Case Study: Infill City MHP
We can’t stress enough the importance of strong markets in mobile home park investing. This lesson becomes especially apparent during recessions.
It’s true that clean, well-located, well-run mobile home parks are recession resistant. But a 1-star junker in a random southern Illinois town with a 100% park owned homes and remote ownership is a ticking time bomb heading into a recession. And that’s just trying to keep the wheels on. You can forget trying to infill one of these.
The demand for affordable housing in such markets might still be strong, but the tenants just can’t afford a new home + lot rent. If bad things are happening in their life, bad things are probably going to happen to your homes ($$$ repairs).
In soft markets, rehabbing park owned homes to backfill bleeding occupancy is a wet noodle pushing contest. A lot of effort, few results.
It’s so much easier to infill in markets with tailwinds.
Market Selection
Now, relative to apartments, mobile home parks have a much wider strike zone vs. what an apartment investor might call a great market. This concept deserves it’s own post.
However, some markets are just obvious. Big population growth, above average incomes, companies building new manufacturing plants, airport expansions, etc. Ever year it seems more and more of these markets are in NC, SC, GA, FL. The center of gravity for outsized mobile home park profits is slowly shifting Southeast.

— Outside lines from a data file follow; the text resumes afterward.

lemma ear_cycles:
  assumes dcs: "distinct cs" and m3: "3 \<le> length cs" and j0: "0 < j" and j: "j < length cs"
    and ks: "distinct ks" "set ks \<inter> set cs = {}"
    and Pdis: "path_edges (hd cs # ks @ [cs ! j]) \<inter> cycle_edges cs = {}"
  defines "L1 \<equiv> take (Suc j) cs" and "L2 \<equiv> hd cs # rev (drop j cs)"
    and "P \<equiv> hd cs # ks @ [cs ! j]"
    and "C1 \<equiv> take (Suc j) cs @ rev ks" and "C2 \<equiv> drop j cs @ hd cs # ks"
  shows "distinct C1" "3 \<le> length C1" "length C1 = Suc j + length ks"
    "set C1 = set L1 \<union> set ks" "cycle_edges C1 = path_edges L1 \<union> path_edges P"
    and "distinct C2" "3 \<le> length C2" "length C2 = length cs - j + 1 + length ks"
    "set C2 = set L2 \<union> set ks" "cycle_edges C2 = path_edges L2 \<union> path_edges P"
proof -
  note split = cycle_split_arcs[OF dcs m3 j0 j, folded L1_def L2_def]
    cycle_split_vertices[OF dcs m3 j0 j, folded L1_def L2_def]
    cycle_split_edges[OF dcs m3 j0 j, folded L1_def L2_def]
  have C1: "C1 = L1 @ rev ks" unfolding C1_def L1_def ..
  define u where "u = hd cs"
  define v where "v = cs ! j"
  have csne: "cs \<noteq> []" using m3 by auto
  have u: "u \<in> set cs" using csne by (simp add: u_def)
  have C2: "C2 = drop j cs @ u # ks" unfolding C2_def u_def ..
  have dj_ne: "drop j cs \<noteq> []" using j by simp
  have L1ne: "L1 \<noteq> []" using split(2) by auto
  have P: "P = u # ks @ [v]" unfolding P_def u_def v_def ..
  have revP: "rev P = (v # rev ks) @ [u]" unfolding P by simp
  have peP1: "path_edges P = insert {last (v # rev ks), u} (path_edges (v # rev ks))"
    using path_edges_rev[of P] revP path_edges_snoc[of "v # rev ks" u] by simp
  have peP2: "path_edges P = insert {last (u # ks), v} (path_edges (u # ks))"
    using path_edges_snoc[of "u # ks" v] unfolding P by simp
  have lastC1: "last C1 = last (v # rev ks)"
    unfolding C1 using split(4) L1ne by (cases "ks = []") (auto simp: v_def)
  have hdC1: "hd C1 = u" unfolding C1 using split(3) L1ne by (simp add: u_def)
  have peC1: "path_edges C1 = path_edges L1 \<union> path_edges (v # rev ks)"
    unfolding C1 using path_edges_append[OF L1ne, of "rev ks"] split(4) by (simp add: v_def)
  show ceC1: "cycle_edges C1 = path_edges L1 \<union> path_edges P"
    unfolding cycle_edges_def using lastC1 hdC1 peC1 peP1 by auto
  have hdC2: "hd C2 = v" unfolding C2 using dj_ne j by (simp add: hd_drop_conv_nth v_def)
  have lastC2: "last C2 = last (u # ks)" unfolding C2 by simp
  have peC2: "path_edges C2 = path_edges (drop j cs) \<union> insert {last cs, u} (path_edges (u # ks))"
    unfolding C2 using path_edges_append[OF dj_ne, of "u # ks"] j by (cases ks) auto
  show ceC2: "cycle_edges C2 = path_edges L2 \<union> path_edges P"
    unfolding cycle_edges_def using lastC2 hdC2 peC2 peP2 split(11)
    by (auto simp: insert_commute u_def)
  show "set C1 = set L1 \<union> set ks" unfolding C1 by simp
  show "set C2 = set L2 \<union> set ks" unfolding C2_def L2_def by auto
  show lenC1: "length C1 = Suc j + length ks" unfolding C1 using split(2) by simp
  show lenC2: "length C2 = length cs - j + 1 + length ks" unfolding C2_def by simp
  show "distinct C1"
    unfolding C1 using split(1) ks set_take_subset[of "Suc j" cs] by (auto simp: L1_def)
  have u_nd: "u \<notin> set (drop j cs)" using split(5) by (simp add: L2_def u_def)
  show "distinct C2"
  proof -
    have "set (drop j cs) \<inter> set ks = {}" using ks(2) set_drop_subset[of j cs] by blast
    moreover have "u \<notin> set ks" using ks(2) u by blast
    ultimately show ?thesis unfolding C2_def using u_nd ks(1) dcs by (auto simp: u_def)
  qed
  show "3 \<le> length C1"
    by (rule ear_cycle_long[of L1 u v cs ks]) (use split(1-4,12) Pdis lenC1 j0 in \<open>auto simp: u_def v_def\<close>)
  show "3 \<le> length C2"
    by (rule ear_cycle_long[of L2 u v cs ks]) (use split(5-8,12) Pdis lenC2 j in \<open>auto simp: u_def v_def\<close>)
qed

Here is a quick case study on one of our Southeast mobile home park turnarounds.
Hot Market Case Study
Quick Park Overview
~100 pads
Public utilities
12 dilapidated & vacant homes and 15 vacant lots
Pocket listing, not widely marketed
Poor infrastructure and zero maintenance of common grounds
After acquiring the property we tore the out dozen homes, sealed all open pipes, buried exposed cable and electrical lines, improved park drainage (french drain installs), tore down dead trees and resurfaced the roads.
These steps immediately improved the park appearance and reduced our liability (removed hazards).
We posted several adds on both Craigslist & Facebook Marketplace and offered free lot rent incentives to existing tenants that referred any new tenants.
We then ordered our first batch of 4 new, $50K, Clayton home single wides (using 21st Mortgage’s CASH program). Thankfully, we didn’t order all 25+ homes at once though.
Within three months of ownership, we had a few used mobile homes move into the park - straight inbound leads! This was highly unusual for us. Fast forward six months and another 3 homes had moved in. Infill was taking care of itself. About half of the leads were coming from Facebook, the other half seemed to be word of mouth.
While we prefer the look of new mobile homes to upgrade a park’s overall appearance, having 20-30 year old homes in solid condition without having to front a dime of capital (or deal with the painful new home sales process), was too good to pass up. We quickly cancelled our second batch order for new homes.
Basically we were adding $100K+ in equity to the park every month or so without having to lift a finger; every park owners dream.
Over time we also incrementally raised lot rent ~40% (over three years). We received zero move outs or complaints over these increases because the tenants could see and feel the improvements to the park vs. prior ownership.
RESULT: In three years we increased the value of the park by several million (5X+ equity multiple on our invested capital).
This is not par for the course in mobile home park investing (especially today), but it’s fun when it happens.
Lessons Learned
Facebook marketplace ads in above average markets work like a charm. We were the only park advertising on facebook in the area.
Existing tenant referral incentives can be powerful. Mobile home move ins are so valuable you can afford to be overly generous with referral rewards.
Visible park improvements made prior to lot rent increases help smooth over tenant relations during ownership transitions.
Collection issues and rules violations were few and far between. Tenants knew they had a great deal & weren’t willing to risk eviction. Parks in great markets don’t need superhero property managers.